The year that Mayer and Salovey coined the term emotional intelligence was the same year functional magnetic resonance imaging (fMRI) was invented, making it possible for the first time to see what was happening in the brain while it was in action. Goleman’s work is infused with these insights, and HBR has reported on the most surprising research in this area, particularly in the last five years:

  • on the mechanisms of charisma,
  • on what’s happening at a physical level when you understand what another person is saying,
  • on when emotional reasoning trumps IQ,
  • (and conversely when anger poisons decision making);
  • on when flattery works and when it doesn’t,
  • and on the merits of gossip in fostering social networks.

And just this month, HBR’s editors reported on the strong link between empathetic leaders and financial performance. Collectively they form an impressive and growing body of evidence suggesting the integrated nature of our rational and emotional selves and the impossibility and inadvisability of separating the two at work.
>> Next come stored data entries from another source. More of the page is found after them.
lemma weakly_null_if_uaw_null:
  fixes x :: "nat \<Rightarrow> 'a::banach_lattice" and E :: "'a itself"
  assumes oc: "dual_order_continuous_norm E"
    and bounded: "bounded (range x)" and uaw: "uaw_convergent x 0"
  shows "weakly_null x"
  unfolding weakly_null_def
proof (intro allI impI)
  fix \<phi> :: "'a \<Rightarrow> real" assume \<phi>: "bounded_linear \<phi>"
  obtain M where M: "\<And>k. norm (x k) \<le> M" using bounded unfolding bounded_iff by blast
  have positive_null: "(\<lambda>k. P (x k)) \<longlonglongrightarrow> 0" if P: "dual_le 0 P" for P
  proof -
    have lim: "(\<lambda>k. P (labs (x k))) \<longlonglongrightarrow> 0"
    proof (rule positive_functional_LIMSEQ_zero_if_truncations[OF oc P])
      show "norm (labs (x k)) \<le> M" for k using M by simp
      fix v :: 'a assume "0 \<le> v"
      then have "weakly_null (\<lambda>k. inf (labs (x k)) v)"
        using uaw by (simp add: uaw_convergent_def)
      then show "(\<lambda>k. P (inf (labs (x k)) v)) \<longlonglongrightarrow> 0"
        unfolding weakly_null_def using blinfun.bounded_linear_right by blast
    qed simp
    have "\<forall>k. norm (P (x k)) \<le> P (labs (x k))" using positive_functional_abs_le[OF P] by simp
    then show ?thesis by (rule Lim_null_comparison[OF always_eventually lim])
  qed
  obtain P Q where P: "dual_le 0 P" and Q: "dual_le 0 Q" and PQ: "\<And>x. \<phi> x = P x - Q x"
    using bounded_linear_eq_diff_positive_functionals[OF \<phi>] by blast
  have "(\<lambda>n. P (x n) - Q (x n)) \<longlonglongrightarrow> 0 - 0" by (intro tendsto_diff positive_null P Q)
  then show "(\<lambda>n. \<phi> (x n)) \<longlonglongrightarrow> 0" by (simp add: PQ)
qed

section \<open>Failure of order continuity\<close>

lemma positive_functional_norm_witness:
  fixes g :: "'a::banach_lattice \<Rightarrow>\<^sub>L real"
  assumes g: "dual_le 0 g" and r: "r < norm g"
  shows "\<exists>a. 0 \<le> a \<and> norm a \<le> 1 \<and> r < g a"
proof (rule ccontr)
  assume "\<not> ?thesis"
  then have H: "\<And>a. 0 \<le> a \<Longrightarrow> norm a \<le> 1 \<Longrightarrow> g a \<le> r" by (meson not_less)
  have "0 \<le> r" using H[of 0] by simp
  have "norm g \<le> r"
  proof (rule norm_blinfun_bound[OF \<open>0 \<le> r\<close>])
    fix x :: 'a
    show "norm (g x) \<le> r * norm x"
    proof (cases "x = 0")
      case False
      then have nx: "0 < norm x" by simp
      have "g (inverse (norm x) *\<^sub>R labs x) \<le> r"
        using nx by (intro H) (simp_all add: scaleR_nonneg_nonneg)
      then have "g (labs x) \<le> r * norm x" using nx by (simp add: blinfun.scaleR_right field_simps)
      then show ?thesis using positive_functional_abs_le[OF g, of x] by simp
    qed simp
  qed
  then show False using r by simp
qed
definition sym_mat :: "real^'n^'n \<Rightarrow> bool" where
  "sym_mat A \<longleftrightarrow> transpose A = A"

definition trace_ip :: "real^'n^'n \<Rightarrow> real^'n^'n \<Rightarrow> real" where
  "trace_ip A B = (\<Sum>i\<in>UNIV. \<Sum>j\<in>UNIV. A $ i $ j * B $ j $ i)"

definition psd_cone :: "(real^'n^'n) set" where
  "psd_cone = {X. sym_mat X \<and> (\<forall>x. x \<bullet> (X *v x) \<ge> 0)}"

definition outer :: "real^'n \<Rightarrow> real^'n^'n" where
  "outer x = (\<chi> i j. x $ i * x $ j)"

definition rank_one_mats :: "(real^'n^'n) set" where
  "rank_one_mats = range outer"

definition S_set :: "(real^'n^'n) set \<Rightarrow> (real^'n^'n) set" where
  "S_set M = {X \<in> psd_cone. \<forall>A\<in>M. trace_ip A X \<ge> 0}"

definition T_set :: "(real^'n^'n) set \<Rightarrow> (real^'n^'n) set" where
  "T_set M = {X \<in> psd_cone. \<forall>A\<in>M. trace_ip A X = 0}"

definition ROG :: "(real^'n^'n) set \<Rightarrow> bool" where
  "ROG S \<longleftrightarrow> closed S \<and> convex S \<and> cone S \<and> S \<subseteq> psd_cone \<and>
     S = convex hull (S \<inter> rank_one_mats)"

end

theory Submission
  imports Defs
begin

text \<open>Induct on the number of constraints that are inactive at \<open>X \<in> S(M)\<close>. If \<open>J\<close> is the
active set, then \<open>X \<in> T(J)\<close> is a sum of rank-one matrices \<open>R \<in> T(J)\<close>. Moving from \<open>X\<close>
along \<open>-R\<close> (until the summand \<open>R\<close> is used up or a new constraint becomes active) and along
\<open>+R\<close> (until a new constraint becomes active; if none does, \<open>R\<close> itself lies in \<open>S(M)\<close>)
stays inside \<open>S(M)\<close>, and \<open>X\<close> is a convex combination of the two endpoints. Each endpoint has a
larger active set or one summand fewer, so it lies in the convex hull of the rank-one
elements of \<open>S(M)\<close> by induction. Only linearity of \<open>X \<mapsto> \<langle>A, X\<rangle>\<close>, convexity of the PSD cone and
invariance of the rank-one matrices under nonnegative scaling are used (in particular the
symmetry of the \<open>A \<in> M\<close> is not), so the argument is carried out for an arbitrary convex cone
cut by finitely many linear inequalities.\<close>

lemma convex_cone_sum:
  assumes "convex_cone C" "finite I" "\<And>i. i \<in> I \<Longrightarrow> f i \<in> C"
  shows "(\<Sum>i\<in>I. f i) \<in> C"
  using assms(2,3)
  by (induction I rule: finite_induct)
    (auto simp: convex_cone_contains_0[OF assms(1)] convex_cone_add[OF assms(1)])

lemma convex_cone_convex_hull:
  assumes "cone S" "0 \<in> S"
  shows "convex_cone (convex hull S)"
proof -
  have "0 \<in> convex hull S"
    by (rule hull_inc[OF assms(2)])
  then show ?thesis
    using cone_convex_hull[OF assms(1)] by (auto simp: convex_cone_def conic_def cone_def)
qed

lemma min_ratio_step:
  fixes z d :: "'i \<Rightarrow> real"
  assumes "finite M" "\<And>A. A \<in> M \<Longrightarrow> 0 \<le> z A" "\<And>A. A \<in> M \<Longrightarrow> z A = 0 \<Longrightarrow> d A = 0"
    and "\<exists>A\<in>M. d A < 0"
  obtains t where "0 < t" "\<And>A. A \<in> M \<Longrightarrow> 0 \<le> z A + t * d A"
    and "\<exists>A\<in>M. d A < 0 \<and> z A + t * d A = 0"
proof -
  define B where "B = {A\<in>M. d A < 0}"
  define t where "t = Min ((\<lambda>A. z A / - d A) ` B)"
  have B: "finite B" "B \<noteq> {}"
    using assms(1,4) by (auto simp: B_def)
  have "0 < z A / - d A" if "A \<in> B" for A
  proof -
    have "0 < z A"
      using that assms(2,3) by (force simp: B_def order_le_less)
    then show ?thesis
      using that by (simp add: B_def divide_pos_neg)
  qed
  then have "0 < t"
    using B by (simp add: t_def)
  moreover have "0 \<le> z A + t * d A" if "A \<in> M" for A
  proof (cases "d A < 0")
    case True
    then have "t \<le> z A / - d A"
      using that B by (simp add: t_def B_def)
    then have "t * - d A \<le> z A"
      using True by (subst (asm) pos_le_divide_eq) auto
    then show ?thesis
      by simp
  next
    case False
    then show ?thesis
      using that assms(2) \<open>0 < t\<close> by simp
  qed
  moreover have "t \<in> (\<lambda>A. z A / - d A) ` B"
    unfolding t_def using B by (intro Min_in) auto
  then obtain A where "A \<in> B" "t = z A / - d A"
    by blast
  then have "\<exists>A\<in>M. d A < 0 \<and> z A + t * d A = 0"
    by (auto simp: B_def)
  ultimately show thesis
    using that by blast
qed

locale constrained_cone =
  fixes K :: "'a::real_vector set" and \<phi> :: "'i \<Rightarrow> 'a \<Rightarrow> real" and M :: "'i set"
  assumes finite_M: "finite M"
    and convex_cone_K: "convex_cone K"
    and linear_\<phi>: "\<And>A. A \<in> M \<Longrightarrow> linear (\<phi> A)"
begin

definition S :: "'a set" where
  "S = {x \<in> K. \<forall>A\<in>M. 0 \<le> \<phi> A x}"

definition T :: "'i set \<Rightarrow> 'a set" where
  "T J = {x \<in> K. \<forall>A\<in>J. \<phi> A x = 0}"

definition active :: "'a \<Rightarrow> 'i set" where
  "active x = {A \<in> M. \<phi> A x = 0}"

lemma \<phi>_add_scaleR: "A \<in> M \<Longrightarrow> \<phi> A (x + c *\<^sub>R y) = \<phi> A x + c * \<phi> A y"
  by (simp add: linear_\<phi> linear_add linear_scale)

lemma \<phi>_diff_scaleR: "A \<in> M \<Longrightarrow> \<phi> A (x - c *\<^sub>R y) = \<phi> A x - c * \<phi> A y"
  by (simp add: linear_\<phi> linear_diff linear_scale)

lemma convex_cone_T: "J \<subseteq> M \<Longrightarrow> convex_cone (T J)"
  using convex_cone_K \<phi>_add_scaleR[where c = 1] \<phi>_add_scaleR[where x = 0]
  by (auto simp: convex_cone_iff T_def subset_iff linear_\<phi> linear_0)

lemma convex_cone_S: "convex_cone S"
  using convex_cone_K \<phi>_add_scaleR[where c = 1] \<phi>_add_scaleR[where x = 0]
  by (auto simp: convex_cone_iff S_def linear_\<phi> linear_0)

lemma mem_T_active: "x \<in> S \<Longrightarrow> x \<in> T (active x)"
  by (simp add: S_def T_def active_def)

lemma step_to_new_active:
  assumes "\<And>A. A \<in> M \<Longrightarrow> 0 \<le> \<phi> A Z" "\<And>A. A \<in> active Z \<Longrightarrow> \<phi> A D = 0" "\<exists>A\<in>M. \<phi> A D < 0"
  obtains t where "0 < t" "\<forall>A\<in>M. 0 \<le> \<phi> A (Z + t *\<^sub>R D)"
    and "active Z \<subset> active (Z + t *\<^sub>R D)"
proof -
  obtain t where t: "0 < t" "\<And>A. A \<in> M \<Longrightarrow> 0 \<le> \<phi> A Z + t * \<phi> A D"
    and new: "\<exists>A\<in>M. \<phi> A D < 0 \<and> \<phi> A Z + t * \<phi> A D = 0"
    using min_ratio_step[of M "\<lambda>A. \<phi> A Z" "\<lambda>A. \<phi> A D"] finite_M assms by (auto simp: active_def)
  have "active Z \<subseteq> active (Z + t *\<^sub>R D)"
    using assms(2) by (auto simp: active_def \<phi>_add_scaleR)
  moreover have "active Z \<noteq> active (Z + t *\<^sub>R D)"
    using new assms(2) by (force simp: active_def \<phi>_add_scaleR)
  ultimately show thesis
    using that t by (simp add: \<phi>_add_scaleR)
qed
Still, it is sign that the field is reaching a certain level of maturity that we are beginning to see some counterarguments. Most notably, a Wharton professor, Adam Grant, who in his own research has reported a lack of correlation between scores on tests of emotional intelligence and business results. While Goleman and others contest his methods, Mayer himself pointed out in 2002 HBR article that “emotional intelligence isn’t the only way to attain success as a leader. A brilliant strategist who can maximize profits may be able to hire and keep talented employees even if he or she doesn’t have strong personal connections with them.” But building those strong connections is still probably a safer bet than ignoring them.